English writer, collector and enthusiast

William Keith Neal (11 November 1905 – 10 April 1990) was an English writer, collector and enthusiast who amassed what is considered to be one of the greatest private collections of antique firearms ever assembled. During his lifetime he was regarded as the leading authority on antique firearms in Britain and co-authored "the standard reference work" on the history of British gunmaking between the 16th and late 19th centuries.

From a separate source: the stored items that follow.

(* Let $n_{\mathrm{in}}\in\mathbb{N}$, let $\Omega\subset\mathbb{R}^{n_{\mathrm{in}}}$ be compact and let $f:\Omega\to\mathbb{R}$ be continuous. For every $\epsilon>0$ there exists a discrete-time LIF-SNN $\Phi$ with direct encoding, membrane potential output, $L=2$ hidden layers and latency $T=1$ such that $\sup_{x\in\Omega}|R(\Phi)(x)-f(x)|\le\epsilon$. Moreover, if $f$ is $\Gamma$-Lipschitz with respect to $\|\cdot\|_\infty$ (i.e. $|f(x)-f(y)|\le\Gamma\|x-y\|_\infty$ for all $x,y\in\Omega$), then $\Phi$ can be chosen with hidden-layer widths $n_1=\Big(\max\Big\{\Big\lceil\frac{\operatorname{diam}_\infty(\Omega)}{\epsilon}\Gamma\Big\rceil,1\Big\}+1\Big)n_{\mathrm{in}}$ and $n_2=\max\Big\{\Big\lceil\frac{\operatorname{diam}_\infty(\Omega)}{\epsilon}\Gamma\Big\rceil^{n_{\mathrm{in}}},1\Big\}$, where $\operatorname{diam}_\infty(\Omega)=\sup_{x,y\in\Omega}\|x-y\|_\infty$.
   Context: A discrete-time LIF-SNN $\Phi$ with $L$ hidden layers of widths $n_1,\dots,n_L$, input dimension $n_0=n_{\mathrm{in}}$, output dimension $n_{\mathrm{out}}$ and latency $T\in\mathbb{N}$ has parameters $W^\ell\in\mathbb{R}^{n_\ell\times n_{\ell-1}}$, $b^\ell\in\mathbb{R}^{n_\ell}$, $u^\ell(0)\in\mathbb{R}^{n_\ell}$, $\beta^\ell\in[0,1]$, $\vartheta^\ell>0$ ($\ell\in[L]$). With direct encoding, the initial spike activations are $s^0(t)=x$ for all $t\in[T]$, where $x\in\mathbb{R}^{n_{\mathrm{in}}}$ is the input. For $\ell\in[L]$, $t\in[T]$: $s^\ell(t)=H(\beta^\ell u^\ell(t-1)+W^\ell s^{\ell-1}(t)+b^\ell-\vartheta^\ell\mathbf{1})$ and $u^\ell(t)=\beta^\ell u^\ell(t-1)+W^\ell s^{\ell-1}(t)+b^\ell-\vartheta^\ell s^\ell(t)$, with $H$ the entrywise Heaviside function ($H(z)=1$ if $z\ge0$, else $0$). With membrane potential output, the realization is $R(\Phi)(x)=\sum_{t=1}^T a_t\,(V s^L(t)+c)\in\mathbb{R}^{n_{\mathrm{out}}}$ for decoder parameters $a\in\mathbb{R}^T$, $V\in\mathbb{R}^{n_{\mathrm{out}}\times n_L}$, $c\in\mathbb{R}^{n_{\mathrm{out}}}$. Here $n_{\mathrm{out}}=1$. *)

theory Defs
  imports "HOL-Analysis.Analysis"
begin

text \<open>Discrete-time LIF spiking neural network with output dimension 1.
  Layer widths are given by snn_width (layer 0 = input dimension).
  Matrices are indexed as snn_W P l i j (layer l, row i, column j); only indices
  i < width l and j < width (l-1) are ever used.\<close>

record snn =
  snn_L :: nat
  snn_T :: nat
  snn_width :: "nat \<Rightarrow> nat"
  snn_W :: "nat \<Rightarrow> nat \<Rightarrow> nat \<Rightarrow> real"
  snn_b :: "nat \<Rightarrow> nat \<Rightarrow> real"
  snn_u0 :: "nat \<Rightarrow> nat \<Rightarrow> real"
  snn_beta :: "nat \<Rightarrow> real"
  snn_theta :: "nat \<Rightarrow> real"
  snn_a :: "nat \<Rightarrow> real"
  snn_V :: "nat \<Rightarrow> real"
  snn_c :: real

definition heaviside :: "real \<Rightarrow> real" where
  "heaviside z = (if z \<ge> 0 then 1 else 0)"

text \<open>lif_state P x l t = (s^l(t), u^l(t)) with direct encoding s^0(t) = x.
  For t = 0 only the initial potential u^l(0) is meaningful.\<close>

fun lif_state :: "snn \<Rightarrow> (nat \<Rightarrow> real) \<Rightarrow> nat \<Rightarrow> nat \<Rightarrow> (nat \<Rightarrow> real) \<times> (nat \<Rightarrow> real)" where
  "lif_state P x 0 t = (x, (\<lambda>_. 0))"
| "lif_state P x (Suc k) 0 = ((\<lambda>_. 0), snn_u0 P (Suc k))"
| "lif_state P x (Suc k) (Suc t) =
     (let sp = fst (lif_state P x k (Suc t));
          up = snd (lif_state P x (Suc k) t);
          pre = (\<lambda>i. snn_beta P (Suc k) * up i
                     + (\<Sum>j<snn_width P k. snn_W P (Suc k) i j * sp j) + snn_b P (Suc k) i);
          s = (\<lambda>i. heaviside (pre i - snn_theta P (Suc k)))
      in (s, (\<lambda>i. pre i - snn_theta P (Suc k) * s i)))"

definition snn_spikes :: "snn \<Rightarrow> (nat \<Rightarrow> real) \<Rightarrow> nat \<Rightarrow> nat \<Rightarrow> (nat \<Rightarrow> real)" where
  "snn_spikes P x l t = fst (lif_state P x l t)"

definition snn_realization :: "snn \<Rightarrow> (nat \<Rightarrow> real) \<Rightarrow> real" where
  "snn_realization P x =
     (\<Sum>t=1..snn_T P. snn_a P t *
        ((\<Sum>j<snn_width P (snn_L P). snn_V P j * snn_spikes P x (snn_L P) t j) + snn_c P))"

definition snn_wf :: "nat \<Rightarrow> snn \<Rightarrow> bool" where
  "snn_wf n P \<longleftrightarrow> snn_width P 0 = n \<and>
     (\<forall>l\<in>{1..snn_L P}. 0 \<le> snn_beta P l \<and> snn_beta P l \<le> 1 \<and> 0 < snn_theta P l)"

definition coord_enum :: "nat \<Rightarrow> 'n::finite" where
  "coord_enum = (SOME e. bij_betw e {..<CARD('n)} (UNIV :: 'n set))"

definition vec_input :: "real^'n \<Rightarrow> nat \<Rightarrow> real" where
  "vec_input x j = x $ coord_enum j"

definition diam_inf :: "(real^'n) set \<Rightarrow> real" where
  "diam_inf \<Omega> = (SUP x\<in>\<Omega>. SUP y\<in>\<Omega>. infnorm (x - y))"

end

theory Submission
  imports Defs
begin

text \<open>With latency 1 and no leak, a LIF-SNN is a feed-forward network with two Heaviside layers.
  Cover the range of the data by a grid of \<open>N\<close> cells of width \<open>h\<close> per coordinate. The first
  layer compares every coordinate with the \<open>N - 1\<close> interior grid thresholds, so that coordinate
  \<open>k\<close> is encoded by the staircase \<open>r \<mapsto> [r \<le> c\<^sub>k]\<close>, where \<open>c\<^sub>k\<close> is the index of its cell.
  The second layer has one neuron per multi-index \<open>a \<in> {0..<N}\<^sup>n\<close>; it takes differences of
  adjacent staircase neurons and fires exactly when \<open>a = c\<close>. Reading out, for every cell, the value
  of \<open>f\<close> at some sample point of the domain in that cell, the network maps \<open>x\<close> to \<open>f y\<close> for a
  \<open>y\<close> with \<open>\<parallel>x - y\<parallel>\<^sub>\<infinity> \<le> h\<close>. Uniform continuity, resp. the Lipschitz bound with
  \<open>h = diam\<^sub>\<infinity> \<Omega> / N\<close> and \<open>N = \<lceil>diam\<^sub>\<infinity> \<Omega> \<Gamma> / \<epsilon>\<rceil>\<close>, then bounds the error.\<close>

definition two_layer_snn ::
  "nat \<Rightarrow> nat \<Rightarrow> nat \<Rightarrow> (nat \<Rightarrow> nat \<Rightarrow> real) \<Rightarrow> (nat \<Rightarrow> real) \<Rightarrow>
   (nat \<Rightarrow> nat \<Rightarrow> real) \<Rightarrow> (nat \<Rightarrow> real) \<Rightarrow> (nat \<Rightarrow> real) \<Rightarrow> real \<Rightarrow> snn" where
  "two_layer_snn n w1 w2 W1 b1 W2 b2 V c =
     \<lparr> snn_L = 2, snn_T = 1,
       snn_width = (\<lambda>l. if l = 0 then n else if l = 1 then w1 else w2),
       snn_W = (\<lambda>l. if l = 1 then W1 else W2), snn_b = (\<lambda>l. if l = 1 then b1 else b2),
       snn_u0 = (\<lambda>_ _. 0), snn_beta = (\<lambda>_. 0), snn_theta = (\<lambda>_. 1),
       snn_a = (\<lambda>_. 1), snn_V = V, snn_c = c \<rparr>"

lemma two_layer_snn_simps:
  "snn_wf n (two_layer_snn n w1 w2 W1 b1 W2 b2 V c)"
  "snn_L (two_layer_snn n w1 w2 W1 b1 W2 b2 V c) = 2"
  "snn_T (two_layer_snn n w1 w2 W1 b1 W2 b2 V c) = 1"
  "snn_width (two_layer_snn n w1 w2 W1 b1 W2 b2 V c) 1 = w1"
  "snn_width (two_layer_snn n w1 w2 W1 b1 W2 b2 V c) 2 = w2"
  by (simp_all add: two_layer_snn_def snn_wf_def)

lemma snn_realization_two_layer_snn:
  "snn_realization (two_layer_snn n w1 w2 W1 b1 W2 b2 V c) x =
     (\<Sum>p<w2. V p * heaviside
        ((\<Sum>q<w1. W2 p q * heaviside ((\<Sum>j<n. W1 q j * x j) + b1 q - 1)) + b2 p - 1)) + c"
  by (simp add: snn_realization_def snn_spikes_def two_layer_snn_def numeral_2_eq_2 Let_def)

lemma snn_constant:
  "\<exists>P. snn_wf n P \<and> snn_L P = 2 \<and> snn_T P = 1 \<and> snn_width P 1 = w1 \<and> snn_width P 2 = w2 \<and>
     (\<forall>x. snn_realization P x = c)"
proof -
  let ?P = "two_layer_snn n w1 w2 (\<lambda>_ _. 0) (\<lambda>_. 0) (\<lambda>_ _. 0) (\<lambda>_. 0) (\<lambda>_. 0) c"
  have "snn_realization ?P x = c" for x
    by (simp add: snn_realization_two_layer_snn)
  then show ?thesis
    using two_layer_snn_simps[of n w1 w2 "\<lambda>_ _. 0" "\<lambda>_. 0" "\<lambda>_ _. 0" "\<lambda>_. 0" "\<lambda>_. 0" c] by blast
qed

text \<open>The index of the cell \<open>[m + c h, m + (c + 1) h)\<close> containing \<open>v\<close> among \<open>N\<close> cells starting at \<open>m\<close>;
  values below \<open>m\<close> fall into cell \<open>0\<close> and values beyond the grid into cell \<open>N - 1\<close>.\<close>

definition grid_cell :: "real \<Rightarrow> real \<Rightarrow> nat \<Rightarrow> real \<Rightarrow> nat" where
  "grid_cell m h N v = min (N - 1) (nat \<lfloor>(v - m) / h\<rfloor>)"

lemma grid_cell_less: "0 < N \<Longrightarrow> grid_cell m h N v < N"
  by (simp add: grid_cell_def)

lemma le_grid_cell_iff:
  assumes "0 < h" "0 < r" "r < N"
  shows "r \<le> grid_cell m h N v \<longleftrightarrow> m + real r * h \<le> v"
proof -
  have "r \<le> grid_cell m h N v \<longleftrightarrow> int r \<le> \<lfloor>(v - m) / h\<rfloor>"
    using assms(2,3) by (auto simp: grid_cell_def)
  also have "\<dots> \<longleftrightarrow> real r \<le> (v - m) / h"
    by (simp add: le_floor_iff)
  also have "\<dots> \<longleftrightarrow> m + real r * h \<le> v"
    using assms(1) by (simp add: pos_le_divide_eq algebra_simps)
  finally show ?thesis .
qed

lemma grid_cell_bounds:
  assumes "0 < h" "0 < N" "m \<le> v" "v \<le> m + real N * h"
  shows "m + real (grid_cell m h N v) * h \<le> v \<and> v \<le> m + real (Suc (grid_cell m h N v)) * h"
proof
  let ?c = "grid_cell m h N v" and ?z = "\<lfloor>(v - m) / h\<rfloor>"
  have z: "0 \<le> ?z"
    using assms(1,3) by simp
  have "real ?c \<le> real (nat ?z)"
    by (simp add: grid_cell_def)
  also have "\<dots> \<le> (v - m) / h"
    using z by simp
  finally show "m + real ?c * h \<le> v"
    using assms(1) by (simp add: pos_le_divide_eq algebra_simps)
  show "v \<le> m + real (Suc ?c) * h"
  proof (cases "?c = N - 1")
    case True
    then show ?thesis
      using assms(2,4) by simp
  next
    case False
    then have "?c = nat ?z"
      by (simp add: grid_cell_def min_def split: if_splits)
    then have "(v - m) / h < real (Suc ?c)"
      using z by linarith
    then show ?thesis
      using assms(1) by (simp add: divide_less_eq algebra_simps)
  qed
qed

lemma grid_cell_eq_imp_dist_le:
  assumes h: "0 < h" and N: "0 < N"
    and v: "m \<le> v \<and> v \<le> m + real N * h" and w: "m \<le> w \<and> w \<le> m + real N * h"
    and cell: "grid_cell m h N v = grid_cell m h N w"
  shows "\<bar>v - w\<bar> \<le> h"
proof -
  have "m + real (grid_cell m h N v) * h \<le> v \<and> v \<le> m + real (Suc (grid_cell m h N v)) * h"
    using grid_cell_bounds h N v by blast
  moreover have "m + real (grid_cell m h N w) * h \<le> w \<and> w \<le> m + real (Suc (grid_cell m h N w)) * h"
    using grid_cell_bounds h N w by blast
  ultimately show ?thesis
    using cell by (simp add: abs_le_iff algebra_simps)
qed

A Past Master of the Worshipful Company of Gunmakers, his collection of around 2,000 firearms included six items "from the gun cabinet of Louis XIII" and two miniature, gold-inlaid pistols that were reportedly "the last gift Napoléon Bonaparte gave to his three-year-old son before military defeat and subsequent exile."

==Early gun collecting==
He acquired his first pistol – a "nasty, cheap" Belgian-made .22 Derringer – while still a pupil at Berkhamsted School. The pistol had been brought into school by another boy and Keith Neal traded a pocket knife for it. Several months later he accidentally shot himself in the thigh with the pistol and although the bullet penetrated deeply, doctors advised against its removal and it remained in his leg for the rest of his life. At the age of 12 he bought his first antique firearm – a percussion-cap pistol – for 3 shillings at an antique shop in Broadstairs, Kent. The pistol is still in the collection today.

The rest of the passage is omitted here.